The theater community remembers the extraordinary period between January and March 2020, as the industry and world came to a screeching halt.

Business was booming. Nearly 15 million people had seen Broadway shows during the 2018-19 season. The total box office gross was $1.8 billion. And as the calendar pages flipped to January 2020, every theater had been booked for what was expected to be a prosperous spring, with 21 productions scheduled to open between the first of the year and the late-April Tony Awards cut-off.

By Friday, March 13, that was all moot. The curtain had unceremoniously fallen the afternoon before by order of New York State, as cases of the novel coronavirus ravaged the city and rapidly filled hospitals beyond capacity. There were hundreds of different ways to have seen this eventuality coming — audiences began to thin, whole companies and other theater personnel were getting sick — but Broadway lives by one motto: The show must go on.

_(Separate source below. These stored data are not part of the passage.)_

lemma emp_eq_path_occ: "emp X n i \<omega> = real (path_occ (\<lambda>k. X k \<omega>) n i) / real (n + 1)"
  unfolding emp_def occ_def path_occ_def by simp

lemma path_occ_eventually_small:
  assumes "finite I"
    and "\<forall>i\<in>I. (\<lambda>n. real (path_occ x n i) / real (n + 1) * real n powr \<nu>) \<longlonglongrightarrow> 0"
  obtains m where "m \<ge> 1"
    and "\<And>k i. m \<le> k \<Longrightarrow> i \<in> I \<Longrightarrow> real (path_occ x k i) \<le> 2 * real k powr (1 - \<nu>)"
proof -
  have "\<forall>i\<in>I. eventually (\<lambda>n. real (path_occ x n i) / real (n + 1) * real n powr \<nu> < 1) sequentially"
    using assms(2) order_tendstoD(2)[OF _ zero_less_one] by blast
  then have "eventually (\<lambda>n. \<forall>i\<in>I. real (path_occ x n i) / real (n + 1) * real n powr \<nu> < 1)
      sequentially"
    by (rule eventually_ball_finite[OF assms(1)])
  then obtain m0 where m0: "\<And>n i. n \<ge> m0 \<Longrightarrow> i \<in> I \<Longrightarrow>
      real (path_occ x n i) / real (n + 1) * real n powr \<nu> < 1"
    unfolding eventually_sequentially by blast
  have "real (path_occ x k i) \<le> 2 * real k powr (1 - \<nu>)" if k: "Suc m0 \<le> k" and i: "i \<in> I" for k i
  proof -
    have kpos: "real k > 0" using k by auto
    have "real (path_occ x k i) * real k powr \<nu> < real k + 1"
      using m0[of k i] k i by (simp add: field_simps)
    also have "\<dots> \<le> 2 * real k" using k by simp
    finally have "real (path_occ x k i) < 2 * real k / real k powr \<nu>"
      using kpos by (simp add: field_simps)
    also have "\<dots> = 2 * real k powr (1 - \<nu>)"
      using kpos by (simp add: powr_diff)
    finally show ?thesis by simp
  qed
  then show ?thesis using that[of "Suc m0"] by auto
qed


locale vrrw_matrix =
  fixes N :: nat and A :: "nat \<Rightarrow> nat \<Rightarrow> real" and \<alpha> :: real
  assumes N_ge_2: "N \<ge> 2" and alpha_gt_1: "\<alpha> > 1"
    and A_nonneg: "\<And>i j. i \<in> {1..N} \<Longrightarrow> j \<in> {1..N} \<Longrightarrow> A i j \<ge> 0"
    and A_offdiag_pos: "\<And>i j. i \<in> {1..N} \<Longrightarrow> j \<in> {1..N} \<Longrightarrow> i \<noteq> j \<Longrightarrow> A i j > 0"
begin

definition A_min :: real where
  "A_min = Min {A i j | i j. i \<in> {1..N} \<and> j \<in> {1..N} \<and> A i j > 0}"

definition A_max :: real where
  "A_max = Max {A i j | i j. i \<in> {1..N} \<and> j \<in> {1..N}}"

definition kernel_denom :: "(nat \<Rightarrow> nat) \<Rightarrow> nat \<Rightarrow> real" where
  "kernel_denom x n = (\<Sum>k\<in>{1..N}. A (x n) k * (1 + real (path_occ x n k)) powr \<alpha>)"

lemma finite_entries: "finite {A i j | i j. i \<in> {1..N} \<and> j \<in> {1..N} \<and> P i j}"
proof -
  have "{A i j | i j. i \<in> {1..N} \<and> j \<in> {1..N} \<and> P i j} \<subseteq> case_prod A ` ({1..N} \<times> {1..N})"
    by auto
  then show ?thesis by (rule finite_subset) auto
qed

lemma A_min_pos: "A_min > 0"
proof -
  have "A 1 2 \<in> {A i j | i j. i \<in> {1..N} \<and> j \<in> {1..N} \<and> A i j > 0}"
    using A_offdiag_pos[of 1 2] N_ge_2 by force
  then show ?thesis unfolding A_min_def using finite_entries[where P = "\<lambda>i j. A i j > 0"]
    by (subst Min_gr_iff) auto
qed

lemma A_min_le: "i \<in> {1..N} \<Longrightarrow> j \<in> {1..N} \<Longrightarrow> A i j > 0 \<Longrightarrow> A_min \<le> A i j"
  unfolding A_min_def using finite_entries[where P = "\<lambda>i j. A i j > 0"] by (intro Min_le) auto

lemma A_max_ge: "i \<in> {1..N} \<Longrightarrow> j \<in> {1..N} \<Longrightarrow> A i j \<le> A_max"
  unfolding A_max_def using finite_entries[where P = "\<lambda>_ _. True"] by (intro Max_ge) auto

lemma A_max_nonneg: "A_max \<ge> 0"
  using A_max_ge[of 1 1] A_nonneg[of 1 1] N_ge_2 by auto

lemma kernel_denom_pos:
  assumes "x n \<in> {1..N}"
  shows "kernel_denom x n > 0"
proof -
  define k :: nat where "k = (if x n = 1 then 2 else 1)"
  have k: "k \<in> {1..N}" "k \<noteq> x n" using N_ge_2 assms by (auto simp: k_def)
  have "0 < A (x n) k * (1 + real (path_occ x n k)) powr \<alpha>"
    using A_offdiag_pos[OF assms k(1)] k by auto
  also have "\<dots> \<le> kernel_denom x n" unfolding kernel_denom_def
    using k assms A_nonneg by (intro member_le_sum) auto
  finally show ?thesis .
qed

lemma vrrw_kernel_eq:
  "vrrw_kernel N A \<alpha> x n j = A (x n) j * (1 + real (path_occ x n j)) powr \<alpha> / kernel_denom x n"
  unfolding vrrw_kernel_def kernel_denom_def by simp

lemma sum_vrrw_kernel: "x n \<in> {1..N} \<Longrightarrow> (\<Sum>j\<in>{1..N}. vrrw_kernel N A \<alpha> x n j) = 1"
  unfolding vrrw_kernel_eq using kernel_denom_pos[of x n]
  by (simp add: sum_divide_distrib[symmetric] kernel_denom_def)

lemma vrrw_kernel_cong:
  "\<forall>k\<le>n. x k = y k \<Longrightarrow> vrrw_kernel N A \<alpha> x n j = vrrw_kernel N A \<alpha> y n j"
  unfolding vrrw_kernel_def using path_occ_cong[of n x y] by simp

The September 11 terrorist attacks kept Broadway closed for a few days. Labor strikes had darkened theaters in the past, but they were generally resolved within weeks. Covid-19 has caused the longest shutdown in the history of the Broadway industry, and while there are glimmers of hope on the horizon in the form of a vaccine, there is still no definitive end in sight.

As we hit the summer of 2020, I started documenting stories from across the Broadway community in an effort to make sense of it all. This is the first in a multi-part oral history of the Broadway industry shutdown, as told by the artists making theater eight times a week. These conversations have been lightly edited for clarity and nothing else, but they all paint a picture that could be a metaphor for the world itself: we were all blissfully naive to impending disaster, until.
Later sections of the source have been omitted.